Quando la magistratura ha aperto un'inchiesta sulla vicenda ha scoperto - fra la sorpresa generale - che il palestinese in questione, Hassan Julani, negava di essere stato percosso. Con la successiva chiusura del caso esponenti di governo hanno attaccato duramente Breaking the silence, accusandola fra l'altro di divulgare sistematicamente menzogne in Israele e all'estero a scapito dell'esercito.
La Ong ha subito replicato accusando a sua volta il governo di essere impegnato in una campagna politica di diffamazione a suo danno.
La chiusura del caso, secondo la Ong, era stata decisa per metterla in cattiva luce di fronte all'opinione pubblica ed il palestinese interrogato, ha aggiunto, ''non era quello giusto''.
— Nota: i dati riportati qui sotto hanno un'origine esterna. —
lemma V_le_V_mix:
  assumes "0 \<le> \<delta>" "\<delta> < 1" "h \<noteq> []" "0 \<le> best h"
  shows "V \<delta> F h \<le> V \<delta> (mix a F G) h + ennreal (mix_error \<delta> h (abs_mean F + abs_mean G) a K)"
  unfolding V_def[of \<delta> F h]
proof (rule SUP_least)
  fix q assume "q \<in> {p. decision_rule p}"
  then have q: "decision_rule q" by simp
  show "U \<delta> q F h \<le> V \<delta> (mix a F G) h + ennreal (mix_error \<delta> h (abs_mean F + abs_mean G) a K)"
    using U_le_U_mix[OF assms(1,2) q assms(3,4), of K] U_le_V[OF q, of \<delta> "mix a F G" h]
    by (meson add_right_mono order_trans)
qed

lemma V_mix_le_V:
  assumes "0 \<le> \<delta>" "\<delta> < 1" "h \<noteq> []" "0 \<le> best h"
  shows "V \<delta> (mix a F G) h \<le> V \<delta> F h + ennreal (mix_error \<delta> h (abs_mean F + abs_mean G) a K)"
  unfolding V_def[of \<delta> "mix a F G" h]
proof (rule SUP_least)
  fix q assume "q \<in> {p. decision_rule p}"
  then have q: "decision_rule q" by simp
  show "U \<delta> q (mix a F G) h \<le> V \<delta> F h + ennreal (mix_error \<delta> h (abs_mean F + abs_mean G) a K)"
    using U_mix_le_U[OF assms(1,2) q assms(3,4), of K] U_le_V[OF q, of \<delta> F h]
    by (meson add_right_mono order_trans)
qed

end

section \<open>Continuity along mixtures\<close>

lemma abs_enn2real_diff_le:
  fixes x y :: ennreal
  assumes "x \<le> y + ennreal e" "y \<le> x + ennreal e" "x < \<top>" "y < \<top>" "0 \<le> e"
  shows "\<bar>enn2real x - enn2real y\<bar> \<le> e"
proof -
  obtain r s where "x = ennreal r" "y = ennreal s" "0 \<le> r" "0 \<le> s"
    using assms(3,4) by (metis enn2real_nonneg ennreal_enn2real less_top)
  with assms show ?thesis by (simp add: abs_le_iff ennreal_plus[symmetric] del: ennreal_plus)
qed

lemma tendsto_at_left_1_of_mix_error:
  fixes f :: "real \<Rightarrow> real"
  assumes d: "0 \<le> \<delta>" "\<delta> < 1" and bound: "\<And>a K. 0 \<le> a \<Longrightarrow> a < 1 \<Longrightarrow> \<bar>f a - L\<bar> \<le> mix_error \<delta> h m a K"
  shows "(f \<longlongrightarrow> L) (at_left 1)"
proof (rule tendstoI)
  fix e :: real assume e: "0 < e"
  have "(\<lambda>K. \<Sum>j. majorant_mean \<delta> h m (j + K)) \<longlonglongrightarrow> 0"
    by (rule suminf_exist_split2[OF summable_majorant_mean[OF d]])
  then obtain K where K: "(\<Sum>j. majorant_mean \<delta> h m (j + K)) < e / 2"
    using e by (metis (no_types, lifting) LIMSEQ_D abs_less_iff diff_zero half_gt_zero le_refl real_norm_def)
  have "((\<lambda>a. (1 - a ^ K) * (\<Sum>k. majorant_mean \<delta> h m k)) \<longlongrightarrow> (1 - 1 ^ K) * (\<Sum>k. majorant_mean \<delta> h m k)) (at_left 1)"
    by (intro tendsto_intros)
  moreover have "(1 - 1 ^ K) * (\<Sum>k. majorant_mean \<delta> h m k) < e / 2" using e by simp
  ultimately have "\<forall>\<^sub>F a in at_left 1. (1 - a ^ K) * (\<Sum>k. majorant_mean \<delta> h m k) < e / 2"
    by (rule order_tendstoD(2))
  moreover have "\<forall>\<^sub>F a in at_left 1. a \<in> {0<..<1::real}"
    by (rule eventually_at_left_real) simp
  ultimately show "\<forall>\<^sub>F a in at_left 1. dist (f a) L < e"
  proof eventually_elim
    case (elim a)
    then have "\<bar>f a - L\<bar> \<le> mix_error \<delta> h m a K" by (intro bound) auto
    with elim K show ?case unfolding mix_error_def dist_real_def by linarith
  qed
qed

lemma environment_mixtureI:
  "environment F \<Longrightarrow> environment G \<Longrightarrow> 0 \<le> a \<Longrightarrow> a \<le> 1 \<Longrightarrow> environment_mixture F G a"
  by (simp add: environment_mixture_def environment_mixture_axioms_def)

lemma tendsto_U_mix:
  assumes F: "environment F" and G: "environment G" and d: "0 \<le> \<delta>" "\<delta> < 1"
    and p: "decision_rule p" and h: "h \<noteq> []" "0 \<le> best h"
  shows "((\<lambda>a. enn2real (U \<delta> p (mix a F G) h)) \<longlongrightarrow> enn2real (U \<delta> p F h)) (at_left 1)"
proof (rule tendsto_at_left_1_of_mix_error[OF d])
  fix a :: real and K assume a: "0 \<le> a" "a < 1"
  interpret environment_mixture F G a using environment_mixtureI[OF F G] a by simp
  show "\<bar>enn2real (U \<delta> p (mix a F G) h) - enn2real (U \<delta> p F h)\<bar> \<le> mix_error \<delta> h (abs_mean F + abs_mean G) a K"
    using U_mix_le_U[OF d p h] U_le_U_mix[OF d p h] d h a abs_mean_nonneg[of F] abs_mean_nonneg[of G]
      F.U_less_top[OF d p h] H.U_less_top[OF d p h]
    by (intro abs_enn2real_diff_le mix_error_nonneg) auto
qed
Ieri una televisione ha intervistato un secondo palestinese di Hebron, la cui testimonianza non e' risultata pero' decisiva.
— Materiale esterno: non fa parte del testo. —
(* Let $d,T,\tau\ge1$ be integers and $\beta\in(0,1)$, and assume $2T\tau/\beta\ge e$ and $\tau/\beta\ge e$. Let $\sigma>0$ satisfy $$\sigma\sqrt{2\log\tfrac{2T\tau}{\beta}}\le\tfrac12,\qquad 5\sigma^2 d\log\tfrac{2T\tau}{\beta}\le\frac{1}{\log\frac{2T\tau}{\beta}},\qquad 5\sigma^2 d\log\tfrac{T\tau}{\beta}\le1 .$$ Let $a_1,\dots,a_n\in\mathbb{R}^d$ be nonzero vectors. Consider the random process $x^{(1)}=0\in\mathbb{R}^d$, $\lambda^{(1)}=0\in\mathbb{R}^n$, and for $t=1,\dots,T-1$: - $S^{(t)}=\{i:\langle\overline{a}_i,x^{(t)}\rangle\le0\}$ and $m^{(t)}=|S^{(t)}|$, where we assume $m^{(t)}\ge1$; - $u^{(t)}=\frac{1}{m^{(t)}}\sum_{i\in S^{(t)}}\overline{a}_i$; - $x^{(t+1)}=x^{(t)}+u^{(t)}+\eta^{(t)}$, where $\eta^{(t)}\sim N(0,\sigma^2I_d)$ are independent; - $\lambda^{(t+1)}_i=\lambda^{(t)}_i+\frac{1}{m^{(t)}}$ for $i\in S^{(t)}$, and $\lambda^{(t+1)}_i=\lambda^{(t)}_i$ otherwise. Let $\overline{\lambda}=\lambda^{(T)}/T$. Then with probability at least $1-\frac{3\beta}{\tau}$, $$\Big\|\sum_{i=1}^n\overline{\lambda}_i\overline{a}_i\Big\|_2\le\frac{11}{\sqrt{T}}.$$
   Context: For a nonzero vector $a$, $\overline{a}=a/\|a\|_2$. $N(0,\sigma^2 I_d)$ is the centered Gaussian distribution on $\mathbb{R}^d$ with covariance $\sigma^2 I_d$. $\log$ is the natural logarithm. *)

theory Defs
  imports "HOL-Probability.Probability"
begin

definition abar :: "'a::real_normed_vector \<Rightarrow> 'a" where
  "abar v = (1 / norm v) *\<^sub>R v"

definition gaussian_vec :: "real \<Rightarrow> (real ^ 'd) measure" where
  "gaussian_vec s = density lborel
     (\<lambda>x. ennreal ((2 * pi * s\<^sup>2) powr (- real CARD('d) / 2)
                    * exp (- (norm x)\<^sup>2 / (2 * s\<^sup>2))))"
(* Let $\mathbb{K}\in\{\mathbb{R},\mathbb{C}\}$ and let $\mathcal{X}$ be a topological $\mathbb{K}$-vector space whose topological dual $\mathcal{X}^{\ast}$ separates the points of $\mathcal{X}$. Let $F_1,F_2$ be nonempty weak*-closed subsets of $\mathcal{X}^{\ast}$ such that $d_H^{(A)}(F_1,F_2)=0$ for all $A\in\mathcal{X}$. Then $\overline{\mathrm{co}}F_1=\overline{\mathrm{co}}F_2$.
   Context: Topological vector spaces are Hausdorff. $\mathcal{X}^{\ast}$ carries the weak* topology. For nonempty weak*-closed $F,\tilde F\subseteq\mathcal{X}^{\ast}$ and $A\in\mathcal{X}$, $d_H^{(A)}(F,\tilde F)=\max\{\sup_{\sigma\in F}\inf_{\tilde\sigma\in\tilde F}|(\sigma-\tilde\sigma)(A)|,\ \sup_{\tilde\sigma\in\tilde F}\inf_{\sigma\in F}|(\sigma-\tilde\sigma)(A)|\}\in[0,\infty]$. $\overline{\mathrm{co}}F$ denotes the weak*-closure of the convex hull of $F$. *)

theory Defs
  imports "HOL-Analysis.Analysis"
begin

definition tvs :: "('k::real_normed_field \<Rightarrow> 'a::ab_group_add \<Rightarrow> 'a) \<Rightarrow> 'a topology \<Rightarrow> bool" where
  "tvs smul T \<longleftrightarrow>
     Vector_Spaces.vector_space smul \<and> topspace T = UNIV \<and> Hausdorff_space T \<and>
     continuous_map (prod_topology T T) T (\<lambda>(x, y). x + y) \<and>
     continuous_map (prod_topology euclidean T) T (\<lambda>(c, x). smul c x)"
Ora non e' escluso che la magistratura si veda costretta a riaprire le indagini. Nel frattempo nella polemica e' stato trascinato anche l'ambasciatore di Israele in Germania e padre dell'attivista politico, Jeremy Issacharov. Questi ha rilanciato un messaggio twitter della moglie (in cui essa faceva appello ai dirigenti di Israele a moderare i toni verso i riservisti attivi nella Ong) ed e' stato subito attaccato a sua volta da un gruppo di estrema destra che adesso invoca il suo licenziamento. (ANSAmed).